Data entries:
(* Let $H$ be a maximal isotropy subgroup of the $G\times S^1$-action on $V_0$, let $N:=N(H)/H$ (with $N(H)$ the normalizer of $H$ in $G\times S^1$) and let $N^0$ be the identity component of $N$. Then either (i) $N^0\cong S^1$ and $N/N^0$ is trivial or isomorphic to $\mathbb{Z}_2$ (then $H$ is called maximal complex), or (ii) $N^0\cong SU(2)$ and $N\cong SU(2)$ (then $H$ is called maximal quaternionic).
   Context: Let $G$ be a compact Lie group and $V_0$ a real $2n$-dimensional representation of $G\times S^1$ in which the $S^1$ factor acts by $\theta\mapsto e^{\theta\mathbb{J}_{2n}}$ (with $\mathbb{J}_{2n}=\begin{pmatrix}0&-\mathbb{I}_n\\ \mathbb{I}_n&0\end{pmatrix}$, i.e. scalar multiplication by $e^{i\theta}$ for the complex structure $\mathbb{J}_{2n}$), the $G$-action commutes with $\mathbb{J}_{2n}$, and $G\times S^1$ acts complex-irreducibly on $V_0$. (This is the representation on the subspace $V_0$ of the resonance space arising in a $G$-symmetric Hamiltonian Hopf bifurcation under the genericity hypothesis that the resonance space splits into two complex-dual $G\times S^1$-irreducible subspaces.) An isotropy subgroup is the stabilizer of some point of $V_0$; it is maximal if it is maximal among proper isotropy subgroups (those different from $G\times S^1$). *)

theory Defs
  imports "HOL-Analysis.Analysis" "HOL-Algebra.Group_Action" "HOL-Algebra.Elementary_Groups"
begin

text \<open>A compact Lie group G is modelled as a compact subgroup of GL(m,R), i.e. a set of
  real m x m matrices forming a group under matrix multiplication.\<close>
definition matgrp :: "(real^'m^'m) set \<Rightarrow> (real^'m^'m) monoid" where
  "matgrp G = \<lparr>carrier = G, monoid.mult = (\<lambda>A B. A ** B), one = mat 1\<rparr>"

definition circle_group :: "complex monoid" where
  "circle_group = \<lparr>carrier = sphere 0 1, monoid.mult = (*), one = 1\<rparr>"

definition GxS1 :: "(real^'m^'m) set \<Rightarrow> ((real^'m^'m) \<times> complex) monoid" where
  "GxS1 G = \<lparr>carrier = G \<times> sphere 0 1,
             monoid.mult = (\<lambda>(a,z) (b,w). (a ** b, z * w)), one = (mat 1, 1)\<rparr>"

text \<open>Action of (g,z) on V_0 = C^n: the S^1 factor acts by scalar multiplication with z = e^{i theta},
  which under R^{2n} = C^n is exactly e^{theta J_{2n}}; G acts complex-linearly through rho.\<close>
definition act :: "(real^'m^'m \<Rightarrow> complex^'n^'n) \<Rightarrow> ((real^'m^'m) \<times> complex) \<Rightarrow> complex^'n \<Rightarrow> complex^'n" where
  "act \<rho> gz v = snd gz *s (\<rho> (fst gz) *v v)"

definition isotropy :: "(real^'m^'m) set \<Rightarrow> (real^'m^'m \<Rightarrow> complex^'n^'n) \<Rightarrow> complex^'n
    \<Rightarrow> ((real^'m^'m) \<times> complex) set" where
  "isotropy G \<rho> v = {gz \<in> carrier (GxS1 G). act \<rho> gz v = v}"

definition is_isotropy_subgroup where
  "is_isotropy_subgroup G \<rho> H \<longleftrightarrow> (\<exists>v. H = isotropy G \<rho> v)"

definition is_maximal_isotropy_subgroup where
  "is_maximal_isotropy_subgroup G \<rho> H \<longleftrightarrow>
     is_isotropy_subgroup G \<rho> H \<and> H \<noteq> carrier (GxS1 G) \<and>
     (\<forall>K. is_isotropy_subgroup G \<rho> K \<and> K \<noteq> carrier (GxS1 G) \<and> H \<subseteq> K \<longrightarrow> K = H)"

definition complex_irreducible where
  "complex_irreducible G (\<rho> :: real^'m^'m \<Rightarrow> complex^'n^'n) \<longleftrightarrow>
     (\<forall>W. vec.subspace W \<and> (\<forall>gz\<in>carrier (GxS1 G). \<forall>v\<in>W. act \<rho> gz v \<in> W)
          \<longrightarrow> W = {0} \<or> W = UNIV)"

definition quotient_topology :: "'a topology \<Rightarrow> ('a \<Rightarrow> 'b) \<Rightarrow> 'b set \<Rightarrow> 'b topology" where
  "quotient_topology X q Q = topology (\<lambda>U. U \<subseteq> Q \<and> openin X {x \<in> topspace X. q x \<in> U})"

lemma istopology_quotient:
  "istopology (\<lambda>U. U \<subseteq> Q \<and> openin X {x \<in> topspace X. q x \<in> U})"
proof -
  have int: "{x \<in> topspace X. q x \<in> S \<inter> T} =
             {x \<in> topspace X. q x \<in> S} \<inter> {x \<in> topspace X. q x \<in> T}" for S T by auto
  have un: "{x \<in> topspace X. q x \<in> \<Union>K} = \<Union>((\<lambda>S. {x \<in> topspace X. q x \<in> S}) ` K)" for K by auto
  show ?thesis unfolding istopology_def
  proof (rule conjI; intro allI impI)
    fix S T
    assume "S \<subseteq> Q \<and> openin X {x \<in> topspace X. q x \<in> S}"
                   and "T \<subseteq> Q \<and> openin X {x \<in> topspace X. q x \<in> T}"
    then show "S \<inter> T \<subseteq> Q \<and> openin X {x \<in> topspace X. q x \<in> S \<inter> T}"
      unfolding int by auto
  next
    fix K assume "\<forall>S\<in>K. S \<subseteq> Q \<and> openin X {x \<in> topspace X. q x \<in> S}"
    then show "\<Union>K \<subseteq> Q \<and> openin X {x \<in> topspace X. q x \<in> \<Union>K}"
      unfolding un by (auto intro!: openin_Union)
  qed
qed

...

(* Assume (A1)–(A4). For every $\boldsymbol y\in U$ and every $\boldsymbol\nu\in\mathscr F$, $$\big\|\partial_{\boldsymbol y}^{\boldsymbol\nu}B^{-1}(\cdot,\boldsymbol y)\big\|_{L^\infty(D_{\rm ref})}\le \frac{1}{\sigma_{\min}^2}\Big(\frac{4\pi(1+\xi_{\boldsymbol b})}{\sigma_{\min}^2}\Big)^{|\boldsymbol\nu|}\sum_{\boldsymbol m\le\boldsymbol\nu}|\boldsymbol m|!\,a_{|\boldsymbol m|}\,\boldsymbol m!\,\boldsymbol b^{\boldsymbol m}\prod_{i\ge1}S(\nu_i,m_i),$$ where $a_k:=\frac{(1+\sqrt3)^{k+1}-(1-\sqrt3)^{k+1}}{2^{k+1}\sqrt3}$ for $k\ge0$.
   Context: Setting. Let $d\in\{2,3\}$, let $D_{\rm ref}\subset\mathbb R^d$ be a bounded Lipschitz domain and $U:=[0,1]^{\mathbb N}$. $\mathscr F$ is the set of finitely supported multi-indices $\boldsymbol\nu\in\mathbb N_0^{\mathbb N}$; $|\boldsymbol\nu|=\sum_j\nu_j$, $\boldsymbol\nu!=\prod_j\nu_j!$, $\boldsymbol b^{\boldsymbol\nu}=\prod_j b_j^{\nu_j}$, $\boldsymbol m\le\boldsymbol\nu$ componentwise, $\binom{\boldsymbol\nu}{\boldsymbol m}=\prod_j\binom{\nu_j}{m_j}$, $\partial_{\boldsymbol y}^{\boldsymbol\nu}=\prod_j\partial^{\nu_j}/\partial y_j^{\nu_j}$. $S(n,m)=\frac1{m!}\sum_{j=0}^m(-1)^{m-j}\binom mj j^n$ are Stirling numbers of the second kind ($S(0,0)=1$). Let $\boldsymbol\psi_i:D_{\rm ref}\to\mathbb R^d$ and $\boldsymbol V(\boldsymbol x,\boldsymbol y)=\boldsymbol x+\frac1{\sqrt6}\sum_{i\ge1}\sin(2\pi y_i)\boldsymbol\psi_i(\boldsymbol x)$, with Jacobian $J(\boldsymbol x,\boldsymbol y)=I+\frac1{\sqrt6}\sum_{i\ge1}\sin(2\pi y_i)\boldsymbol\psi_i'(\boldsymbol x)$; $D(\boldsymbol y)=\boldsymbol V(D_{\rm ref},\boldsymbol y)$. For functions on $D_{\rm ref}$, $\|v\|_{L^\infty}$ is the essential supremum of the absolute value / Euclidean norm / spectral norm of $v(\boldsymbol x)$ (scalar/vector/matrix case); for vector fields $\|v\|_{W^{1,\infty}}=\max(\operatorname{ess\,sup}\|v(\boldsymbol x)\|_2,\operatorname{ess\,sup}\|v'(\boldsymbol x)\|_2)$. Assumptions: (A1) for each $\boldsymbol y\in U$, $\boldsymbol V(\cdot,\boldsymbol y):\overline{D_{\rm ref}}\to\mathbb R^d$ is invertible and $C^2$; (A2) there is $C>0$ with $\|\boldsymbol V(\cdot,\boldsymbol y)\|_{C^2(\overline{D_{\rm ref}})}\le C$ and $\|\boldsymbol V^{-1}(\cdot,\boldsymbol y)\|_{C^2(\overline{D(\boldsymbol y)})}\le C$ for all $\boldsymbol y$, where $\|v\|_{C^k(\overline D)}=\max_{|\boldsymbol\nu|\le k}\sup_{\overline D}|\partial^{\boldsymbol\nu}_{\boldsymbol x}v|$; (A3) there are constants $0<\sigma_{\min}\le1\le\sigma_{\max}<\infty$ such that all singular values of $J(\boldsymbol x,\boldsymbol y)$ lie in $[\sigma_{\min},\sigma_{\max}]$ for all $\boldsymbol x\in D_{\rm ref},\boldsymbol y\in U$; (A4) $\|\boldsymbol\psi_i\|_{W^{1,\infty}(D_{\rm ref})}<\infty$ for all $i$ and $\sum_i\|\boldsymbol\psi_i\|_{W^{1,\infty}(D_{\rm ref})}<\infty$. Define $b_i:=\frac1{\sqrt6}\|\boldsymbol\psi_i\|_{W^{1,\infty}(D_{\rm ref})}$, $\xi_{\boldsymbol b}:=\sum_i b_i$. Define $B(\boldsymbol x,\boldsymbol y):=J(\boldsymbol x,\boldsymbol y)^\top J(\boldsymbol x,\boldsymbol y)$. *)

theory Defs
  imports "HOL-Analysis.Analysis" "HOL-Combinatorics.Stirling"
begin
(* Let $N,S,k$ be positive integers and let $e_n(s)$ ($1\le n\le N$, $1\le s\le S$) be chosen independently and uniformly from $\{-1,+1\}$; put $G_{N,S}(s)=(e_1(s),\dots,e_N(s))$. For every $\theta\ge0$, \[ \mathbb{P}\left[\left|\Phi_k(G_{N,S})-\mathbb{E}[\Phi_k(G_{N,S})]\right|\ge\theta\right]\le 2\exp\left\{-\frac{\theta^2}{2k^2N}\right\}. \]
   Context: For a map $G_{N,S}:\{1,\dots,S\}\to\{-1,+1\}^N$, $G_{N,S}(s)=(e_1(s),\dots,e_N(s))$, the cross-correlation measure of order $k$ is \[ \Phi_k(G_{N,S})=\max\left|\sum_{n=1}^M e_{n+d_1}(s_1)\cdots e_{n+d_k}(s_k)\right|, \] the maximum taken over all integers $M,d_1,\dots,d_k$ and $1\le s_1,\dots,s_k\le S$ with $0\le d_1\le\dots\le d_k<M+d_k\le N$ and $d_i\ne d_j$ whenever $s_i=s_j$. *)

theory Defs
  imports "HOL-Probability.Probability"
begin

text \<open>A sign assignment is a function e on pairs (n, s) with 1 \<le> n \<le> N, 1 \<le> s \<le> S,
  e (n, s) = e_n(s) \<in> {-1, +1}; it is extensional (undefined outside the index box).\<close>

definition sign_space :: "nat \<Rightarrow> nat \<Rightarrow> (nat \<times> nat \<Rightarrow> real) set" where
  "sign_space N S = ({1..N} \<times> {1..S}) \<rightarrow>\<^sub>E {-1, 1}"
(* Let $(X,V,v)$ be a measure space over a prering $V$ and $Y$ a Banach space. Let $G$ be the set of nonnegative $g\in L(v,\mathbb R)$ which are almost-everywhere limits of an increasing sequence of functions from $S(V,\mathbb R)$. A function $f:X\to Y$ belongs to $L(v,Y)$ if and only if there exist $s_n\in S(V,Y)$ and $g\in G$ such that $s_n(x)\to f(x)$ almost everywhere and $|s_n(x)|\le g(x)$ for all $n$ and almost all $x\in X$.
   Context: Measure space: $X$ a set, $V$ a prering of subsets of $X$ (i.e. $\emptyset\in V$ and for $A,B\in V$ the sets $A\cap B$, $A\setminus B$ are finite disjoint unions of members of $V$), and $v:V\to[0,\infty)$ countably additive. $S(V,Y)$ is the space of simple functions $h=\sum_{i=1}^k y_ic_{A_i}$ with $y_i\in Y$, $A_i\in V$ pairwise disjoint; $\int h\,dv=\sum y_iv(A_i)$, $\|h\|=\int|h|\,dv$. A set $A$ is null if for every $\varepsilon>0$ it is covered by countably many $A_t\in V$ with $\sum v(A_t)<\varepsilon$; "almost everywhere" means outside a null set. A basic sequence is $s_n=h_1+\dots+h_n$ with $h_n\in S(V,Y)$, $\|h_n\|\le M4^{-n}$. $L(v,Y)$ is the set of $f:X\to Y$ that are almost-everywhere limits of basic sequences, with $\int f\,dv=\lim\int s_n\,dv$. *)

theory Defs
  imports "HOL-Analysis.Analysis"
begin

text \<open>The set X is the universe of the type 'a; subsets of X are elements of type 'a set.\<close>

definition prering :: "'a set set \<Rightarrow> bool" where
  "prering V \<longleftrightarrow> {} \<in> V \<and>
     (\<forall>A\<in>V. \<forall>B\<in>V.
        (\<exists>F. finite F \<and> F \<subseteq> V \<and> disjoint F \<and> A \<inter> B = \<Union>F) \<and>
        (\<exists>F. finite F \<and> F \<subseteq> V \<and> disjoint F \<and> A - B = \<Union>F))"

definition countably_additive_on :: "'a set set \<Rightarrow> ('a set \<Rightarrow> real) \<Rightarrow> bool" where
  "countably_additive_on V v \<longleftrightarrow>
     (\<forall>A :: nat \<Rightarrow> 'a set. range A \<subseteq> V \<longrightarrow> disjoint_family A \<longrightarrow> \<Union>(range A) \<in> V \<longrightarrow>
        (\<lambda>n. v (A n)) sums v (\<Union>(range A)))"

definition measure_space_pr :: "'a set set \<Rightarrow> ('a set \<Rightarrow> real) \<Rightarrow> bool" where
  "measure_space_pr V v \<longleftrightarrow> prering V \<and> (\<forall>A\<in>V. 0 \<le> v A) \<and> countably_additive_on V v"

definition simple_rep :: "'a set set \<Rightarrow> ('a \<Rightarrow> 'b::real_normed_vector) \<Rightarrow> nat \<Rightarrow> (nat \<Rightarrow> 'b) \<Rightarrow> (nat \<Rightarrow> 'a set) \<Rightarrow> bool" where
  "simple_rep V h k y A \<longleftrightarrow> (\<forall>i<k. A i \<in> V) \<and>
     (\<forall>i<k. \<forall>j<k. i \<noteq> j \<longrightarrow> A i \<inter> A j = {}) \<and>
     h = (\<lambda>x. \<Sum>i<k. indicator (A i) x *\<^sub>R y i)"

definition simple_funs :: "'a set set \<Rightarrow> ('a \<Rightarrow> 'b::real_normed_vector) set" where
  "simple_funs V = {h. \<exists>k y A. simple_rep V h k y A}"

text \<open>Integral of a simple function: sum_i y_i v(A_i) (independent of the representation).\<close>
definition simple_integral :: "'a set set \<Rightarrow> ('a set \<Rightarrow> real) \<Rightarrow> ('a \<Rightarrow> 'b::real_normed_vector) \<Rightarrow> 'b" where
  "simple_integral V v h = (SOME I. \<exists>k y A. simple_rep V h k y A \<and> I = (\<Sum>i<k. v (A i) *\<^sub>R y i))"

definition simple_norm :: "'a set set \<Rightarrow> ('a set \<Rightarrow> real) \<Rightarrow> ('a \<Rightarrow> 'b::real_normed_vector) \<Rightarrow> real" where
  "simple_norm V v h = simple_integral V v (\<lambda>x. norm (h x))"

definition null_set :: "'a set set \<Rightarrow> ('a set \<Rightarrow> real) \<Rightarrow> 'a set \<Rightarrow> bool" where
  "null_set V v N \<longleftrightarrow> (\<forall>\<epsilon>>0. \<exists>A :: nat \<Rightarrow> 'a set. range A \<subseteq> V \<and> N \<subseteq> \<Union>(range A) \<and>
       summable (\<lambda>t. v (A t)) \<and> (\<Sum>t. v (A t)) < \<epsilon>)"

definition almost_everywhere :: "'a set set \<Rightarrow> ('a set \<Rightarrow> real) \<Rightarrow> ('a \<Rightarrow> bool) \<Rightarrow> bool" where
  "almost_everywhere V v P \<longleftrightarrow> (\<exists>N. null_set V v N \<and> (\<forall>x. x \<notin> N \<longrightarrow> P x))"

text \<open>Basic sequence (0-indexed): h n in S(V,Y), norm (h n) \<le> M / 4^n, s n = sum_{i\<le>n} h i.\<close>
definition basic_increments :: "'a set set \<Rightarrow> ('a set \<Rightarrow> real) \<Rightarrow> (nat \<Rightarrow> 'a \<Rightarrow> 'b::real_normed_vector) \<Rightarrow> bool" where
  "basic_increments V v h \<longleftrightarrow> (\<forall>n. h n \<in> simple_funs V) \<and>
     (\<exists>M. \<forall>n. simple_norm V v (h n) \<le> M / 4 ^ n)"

Your objective: Extract from the records above the lines from the one containing "0 1, monoid.mult" to the one containing "monoid.mult = (\<lambda>(a,z)", both lines included, exactly as they appear and with nothing else.

Answer for the task:
  "circle_group = \<lparr>carrier = sphere 0 1, monoid.mult = (*), one = 1\<rparr>"

definition GxS1 :: "(real^'m^'m) set \<Rightarrow> ((real^'m^'m) \<times> complex) monoid" where
  "GxS1 G = \<lparr>carrier = G \<times> sphere 0 1,
             monoid.mult = (\<lambda>(a,z) (b,w). (a ** b, z * w)), one = (mat 1, 1)\<rparr>"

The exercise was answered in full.